Abstract
Healthy midlife children of a parent with Alzheimer’s disease ([AD] N = 23; 9 male) participated in neuropsychological testing, and magnetic resonance imaging (MRI) of brain volumetrics were obtained. In all, 35% of the sample were apolipoprotein E (ApoE)-e4 positive (n = 8; 5 male). The ApoE-e4 group exhibited significantly slower performances on an executive function and processing speed measure and had less white matter volume than the non-ApoE-e4 group. Lesser white matter volume was significantly correlated with slower processing speed. Processing speed and changes in white matter volume might be indicators of preclinical decline in AD.
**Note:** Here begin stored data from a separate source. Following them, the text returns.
lemma nn_integral_add_le:
  assumes "g \<in> borel_measurable M"
  shows "(\<integral>\<^sup>+x. f x + g x \<partial>M) \<le> integral\<^sup>N M f + integral\<^sup>N M g"
  unfolding nn_integral_def[of M "\<lambda>x. f x + g x"]
proof (rule SUP_least, safe)
  fix \<phi> assume \<phi>: "simple_function M \<phi>" "\<phi> \<le> (\<lambda>x. f x + g x)"
  \<comment> \<open>\<open>f\<close> need not be measurable (\<open>Is\<close> is defined for arbitrary functions), so
    \<open>nn_integral_add\<close> is unavailable; instead \<open>\<phi>\<close> is split into \<open>g\<close> and a measurable part below \<open>f\<close>.\<close>
  define h where "h x = (if g x = \<infinity> then 0 else \<phi> x - g x)" for x
  have h_meas: "h \<in> borel_measurable M"
    unfolding h_def using borel_measurable_simple_function[OF \<phi>(1)] assms by measurable
  have "integral\<^sup>S M \<phi> = integral\<^sup>N M \<phi>"
    using \<phi>(1) by (simp add: nn_integral_eq_simple_integral)
  also have "\<dots> \<le> (\<integral>\<^sup>+x. h x + g x \<partial>M)"
    by (intro nn_integral_mono) (auto simp: h_def diff_add_self_ennreal)
  also have "\<dots> = integral\<^sup>N M h + integral\<^sup>N M g"
    using h_meas assms by (intro nn_integral_add) auto
  also have "integral\<^sup>N M h \<le> integral\<^sup>N M f"
    using \<phi>(2) by (intro nn_integral_mono) (auto simp: le_fun_def h_def ennreal_minus_le_iff add.commute)
  finally show "integral\<^sup>S M \<phi> \<le> integral\<^sup>N M f + integral\<^sup>N M g" by (simp add: add_right_mono)
qed

lemma (in sigma_finite_measure) AE_pair_measure_fst:
  assumes "AE x in N. P x"
  shows "AE p in N \<Otimes>\<^sub>M M. P (fst p)"
proof -
  obtain A where "\<And>x. x \<in> space N - A \<Longrightarrow> P x" "A \<in> null_sets N"
    using AE_E3[OF assms] by blast
  then show ?thesis
    by (intro AE_I'[where N="A \<times> space M"]) (auto simp: space_pair_measure, blast)
qed

lemma (in sigma_finite_measure) AE_pair_measure_snd:
  assumes "AE x in M. P x"
  shows "AE p in N \<Otimes>\<^sub>M M. P (snd p)"
proof -
  obtain A where "\<And>x. x \<in> space M - A \<Longrightarrow> P x" "A \<in> null_sets M"
    using AE_E3[OF assms] by blast
  then show ?thesis
    by (intro AE_I'[where N="space N \<times> A"]) (auto simp: space_pair_measure, blast)
qed

lemma nn_integral_lborel_translate:
  fixes h :: "'a::euclidean_space \<Rightarrow> ennreal"
  assumes "h \<in> borel_measurable borel"
  shows "(\<integral>\<^sup>+y. h (y - x) \<partial>lborel) = integral\<^sup>N lborel h"
proof -
  have "(\<integral>\<^sup>+y. h (y - x) \<partial>lborel) = (\<integral>\<^sup>+y. h y \<partial>distr lborel borel ((+) (- x)))"
    using assms by (subst nn_integral_distr) auto
  then show ?thesis by (simp add: lborel_distr_plus)
qed
(* Let $X_k\in\operatorname{Gr}(n,r)$ and let $s_{k-m},\dots,s_{k-1},y_{k-m},\dots,y_{k-1}\in\mathbb{R}^{nr}$ be vectorizations of tangent vectors in $\mathbf{T}_{X_k}$. Let $S_k=[s_{k-m},\dots,s_{k-1}]$, $Y_k=[y_{k-m},\dots,y_{k-1}]$, $D_k=\operatorname{diag}[s_{k-m}^{\mathsf{T}}y_{k-m},\dots,s_{k-1}^{\mathsf{T}}y_{k-1}]$, let $R_k$ be the $m\times m$ upper triangular matrix with $(i,j)$ entry $s_{k-m+i-1}^{\mathsf{T}}y_{k-m+j-1}$ for $i\le j$ (assumed invertible), let $\gamma_k\in\mathbb{R}$, and let \[ H_k=\gamma_kI+\begin{bmatrix}S_k&\gamma_kY_k\end{bmatrix}\begin{bmatrix}R_k^{-\mathsf{T}}(D_k+\gamma_kY_k^{\mathsf{T}}Y_k)R_k^{-1}&-R_k^{-\mathsf{T}}\\-R_k^{-1}&0\end{bmatrix}\begin{bmatrix}S_k^{\mathsf{T}}\\ \gamma_kY_k^{\mathsf{T}}\end{bmatrix}. \] Then the (vectorized) tangent space $\mathbf{T}_{X_k}$ is an invariant subspace of $H_k$: if $v$ is the vectorization of a tangent in $\mathbf{T}_{X_k}$, then so is $H_kv$.
   Context: Points of $\operatorname{Gr}(n,r)$ are represented by $X\in\mathbb{R}^{n\times r}$ with $X^{\mathsf{T}}X=I$; the tangent space is $\mathbf{T}_X=\{\Delta\in\mathbb{R}^{n\times r}:X^{\mathsf{T}}\Delta=0\}$, embedded in $\mathbb{R}^{nr}$ by column-wise vectorization. $H_k$ is the limited-memory BFGS (L-BFGS) compact representation of the Hessian approximation. *)

theory Defs
  imports "HOL-Analysis.Analysis"
begin

text \<open>Points of Gr(n,r): n x r matrices X with X^T X = I. Dimensions n, r, m are
  the cardinalities of the finite index types 'n, 'r, 'm.\<close>
definition grassmann_point :: "real^'r^'n \<Rightarrow> bool" where
  "grassmann_point X \<longleftrightarrow> transpose X ** X = mat 1"

definition tangent_space :: "real^'r^'n \<Rightarrow> (real^'r^'n) set" where
  "tangent_space X = {D. transpose X ** D = 0}"

text \<open>Vectorization of an n x r matrix as a vector in R^{nr}, indexed by
  pairs (row, column) (the ordering of the index set is immaterial).\<close>
definition vectorize :: "real^'r^'n \<Rightarrow> real^('n \<times> 'r)" where
  "vectorize D = (\<chi> p. D $ fst p $ snd p)"

definition colmat :: "('m::finite \<Rightarrow> real^('n::finite \<times> 'r::finite)) \<Rightarrow> real^'m^('n \<times> 'r)" where
  "colmat s = (\<chi> p j. s j $ p)"

definition Dmat :: "('m::finite \<Rightarrow> real^('n::finite \<times> 'r::finite)) \<Rightarrow> ('m \<Rightarrow> real^('n \<times> 'r)) \<Rightarrow> real^'m^'m" where
  "Dmat s y = (\<chi> i j. if i = j then s i \<bullet> y i else 0)"

definition Rmat :: "('m::{finite,linorder} \<Rightarrow> real^('n::finite \<times> 'r::finite)) \<Rightarrow> ('m \<Rightarrow> real^('n \<times> 'r)) \<Rightarrow> real^'m::{finite,linorder}^'m::{finite,linorder}" where
  "Rmat s y = (\<chi> i j. if i \<le> j then s i \<bullet> y j else 0)"

definition hblock :: "real^'m::finite^'p::finite \<Rightarrow> real^'m^'p \<Rightarrow> real^('m + 'm)^'p" where
  "hblock A B = (\<chi> p q. case q of Inl j \<Rightarrow> A $ p $ j | Inr j \<Rightarrow> B $ p $ j)"

definition block2 :: "real^'m::finite^'m \<Rightarrow> real^'m^'m \<Rightarrow> real^'m^'m \<Rightarrow> real^'m^'m \<Rightarrow> real^('m + 'm)^('m + 'm)" where
  "block2 A B C D = (\<chi> a b. case (a, b) of
      (Inl i, Inl j) \<Rightarrow> A $ i $ j | (Inl i, Inr j) \<Rightarrow> B $ i $ j
    | (Inr i, Inl j) \<Rightarrow> C $ i $ j | (Inr i, Inr j) \<Rightarrow> D $ i $ j)"

definition Hmat :: "real \<Rightarrow> ('m::{finite,linorder} \<Rightarrow> real^('n::finite \<times> 'r::finite)) \<Rightarrow> ('m \<Rightarrow> real^('n \<times> 'r))
     \<Rightarrow> real^('n \<times> 'r)^('n \<times> 'r)" where
  "Hmat \<gamma> s y =
    (let S = colmat s; Y = colmat y; D = Dmat s y; R = Rmat s y; Ri = matrix_inv R;
         W = hblock S (\<gamma> *\<^sub>R Y);
         M = block2 (transpose Ri ** (D + \<gamma> *\<^sub>R (transpose Y ** Y)) ** Ri) (- transpose Ri) (- Ri) 0
     in \<gamma> *\<^sub>R mat 1 + W ** M ** transpose W)"

end

theory Submission
  imports Defs
begin

text \<open>Every term of H_k other than the multiple of the identity has the form W z with
  W = [S_k  \<gamma>Y_k], so it lies in the span of the columns s_i, y_i. Hence any subspace containing
  all s_i and y_i is invariant under H_k; the vectorized tangent space is such a subspace, being
  the image of a linear kernel under the linear map vec.\<close>

lemma subspace_tangent_space: "subspace (tangent_space X)"
  unfolding subspace_def tangent_space_def
  by (simp add: matrix_add_ldistrib matrix_scalar_ac scalar_matrix_assoc[symmetric])

lemma linear_vectorize: "linear vectorize"
  by (rule linearI) (simp_all add: vectorize_def vec_eq_iff)

lemma matrix_vector_mult_in_subspace:
  fixes A :: "real^'q::finite^'p::finite"
  assumes V: "subspace V" and cols: "\<And>q. column q A \<in> V"
  shows "A *v z \<in> V"
  unfolding matrix_mult_sum scalar_mult_eq_scaleR
  by (rule subspace_sum[OF V], rule subspace_scale[OF V cols])

lemma column_colmat: "column j (colmat s) = s j"
  by (simp add: column_def colmat_def vec_eq_iff)

lemma column_scaleR: "column j (c *\<^sub>R A) = c *\<^sub>R column j A"
  by (simp add: column_def vec_eq_iff)

lemma column_hblock:
  "column (Inl j) (hblock A B) = column j A"
  "column (Inr j) (hblock A B) = column j B"
  by (simp_all add: column_def hblock_def vec_eq_iff)

lemma Hmat_mult_in_subspace:
  assumes V: "subspace V"
    and s: "\<And>i. s i \<in> V" and y: "\<And>i. y i \<in> V" and v: "v \<in> V"
  shows "Hmat \<gamma> s y *v v \<in> V"
proof -
  define W where "W = hblock (colmat s) (\<gamma> *\<^sub>R colmat y)"
  obtain M where H: "Hmat \<gamma> s y = \<gamma> *\<^sub>R mat 1 + W ** M ** transpose W"
    unfolding Hmat_def W_def Let_def by blast
  have "column q W \<in> V" for q
    using s y subspace_scale[OF V]
    by (cases q) (simp_all add: W_def column_hblock column_scaleR column_colmat)
  then have "W *v ((M ** transpose W) *v v) \<in> V"
    by (rule matrix_vector_mult_in_subspace[OF V])
  moreover have "Hmat \<gamma> s y *v v = \<gamma> *\<^sub>R v + W *v ((M ** transpose W) *v v)"
    unfolding H
    by (simp add: matrix_vector_mult_add_rdistrib matrix_vector_mul_assoc matrix_mul_assoc
        scaleR_matrix_vector_assoc[symmetric])
  ultimately show ?thesis
    using V v by (simp add: subspace_add subspace_scale)
qed

theorem lemma7p1:
  fixes X :: "real^'r::finite^'n::finite"
    and s y :: "'m::{finite,linorder} \<Rightarrow> real^'r^'n"
    and \<gamma> :: real
  assumes "grassmann_point X"
    and "\<And>i. s i \<in> tangent_space X"
    and "\<And>i. y i \<in> tangent_space X"
    and "invertible (Rmat (\<lambda>i. vectorize (s i)) (\<lambda>i. vectorize (y i)))"
    and "v \<in> tangent_space X"
  shows "\<exists>w \<in> tangent_space X.
           Hmat \<gamma> (\<lambda>i. vectorize (s i)) (\<lambda>i. vectorize (y i)) *v vectorize v = vectorize w"
proof -
  let ?V = "vectorize ` tangent_space X"
  have "subspace ?V"
    by (rule linear_subspace_image[OF linear_vectorize subspace_tangent_space])
  then have "Hmat \<gamma> (\<lambda>i. vectorize (s i)) (\<lambda>i. vectorize (y i)) *v vectorize v \<in> ?V"
    by (rule Hmat_mult_in_subspace) (simp_all add: assms)
  then show ?thesis by blast
qed

end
Keywords: ApoE, MRI, processing speed, white matter
Introduction
The apolipoprotein E (ApoE) gene on chromosome 19 is a primary transporter of endogenously produced lipids and has 3 allelic variants (ie, e2, e3, and e4). 1 The ApoE-e4 allele is associated with a 3- to 4-fold increase in the risk of Alzheimer’s disease (AD). 2,3 In healthy persons without dementia, ApoE-e4 is associated with subtle cognitive impairments that are most commonly found on tests of memory, executive functions, attention, and processing speed. 4–6 In nondemented samples, ApoE-e4 is also associated with reduced cerebral metabolism in posterior cingulate, parietal, temporal, and prefrontal regions, 7 whole brain atrophy rates, 8 reduced hippocampal volume, 9 and myelin breakdown. 5,10 These changes mirror the changes in cognition, brain structure, and brain function that are evident in probable AD. 11
The vast majority of research on the effects of ApoE-e4 on cognition and brain volume has been conducted on healthy, nondemented samples of older adults. The current study sought to extend this line of research to a genetically enriched, healthy sample of midlife adults. Mood, personality, and stress were measured to assess group differences that might be relevant for understanding cognition and brain volume in midlife.
We sought to study a genetically enriched sample and thus recruited healthy midlife adults who are the biological child of a parent with possible AD. In the general population, the respective prevalence of the 3 isoforms of ApoE (ie, e2, e3, and e4) is about 8% to 15%, 78% to 94%, and 14% to 25%, respectively. 12,13 However, in persons at genetic risk of AD, the prevalence of the ApoE-e4 allele is increased. In one study, 45% of adult children of a parent with AD had one or more ApoE-e4 alleles. 14
Methods
Sample
Participants (N = 23, 9 male) had an average age of 55.8 years (standard deviation [SD] = 5.4; range 46-66); mean education was 17.3 years (SD = 1.8; range 13-20); income averaged 6.3 (SD = 1.7; range 3-8) on an 8-point scale (3 = $15 000-30 000; 6 = $60 000-70 000; 8 = $100 000+); and estimated Verbal IQ T - score averaged 52.0 on the Adult North American Reading Test (ANART), which is in the average range (SD = 2.5; range 46.5-56.8).
Procedure
Participants were recruited from the community, caregiver support groups, letters to directors of memory disorder clinics, and local neurologists who serve the population with AD. Participants were screened on the telephone to be free from major self-reported medical, psychiatric, and neurologic disorders; persons were screened for contraindications for the magnetic resonance imaging ([MRI] eg, pacemaker, metal in joints, and claustrophobia). Persons taking prescription medications that might affect cortisol and current smokers were excluded. Participants were biological children of a parent with AD; AD diagnosis was not confirmed but was screened via participant report on the phone. Persons who reported parental dementia diagnoses of unknown origin, atypical presentation of AD, or dementia due to vascular factors were excluded.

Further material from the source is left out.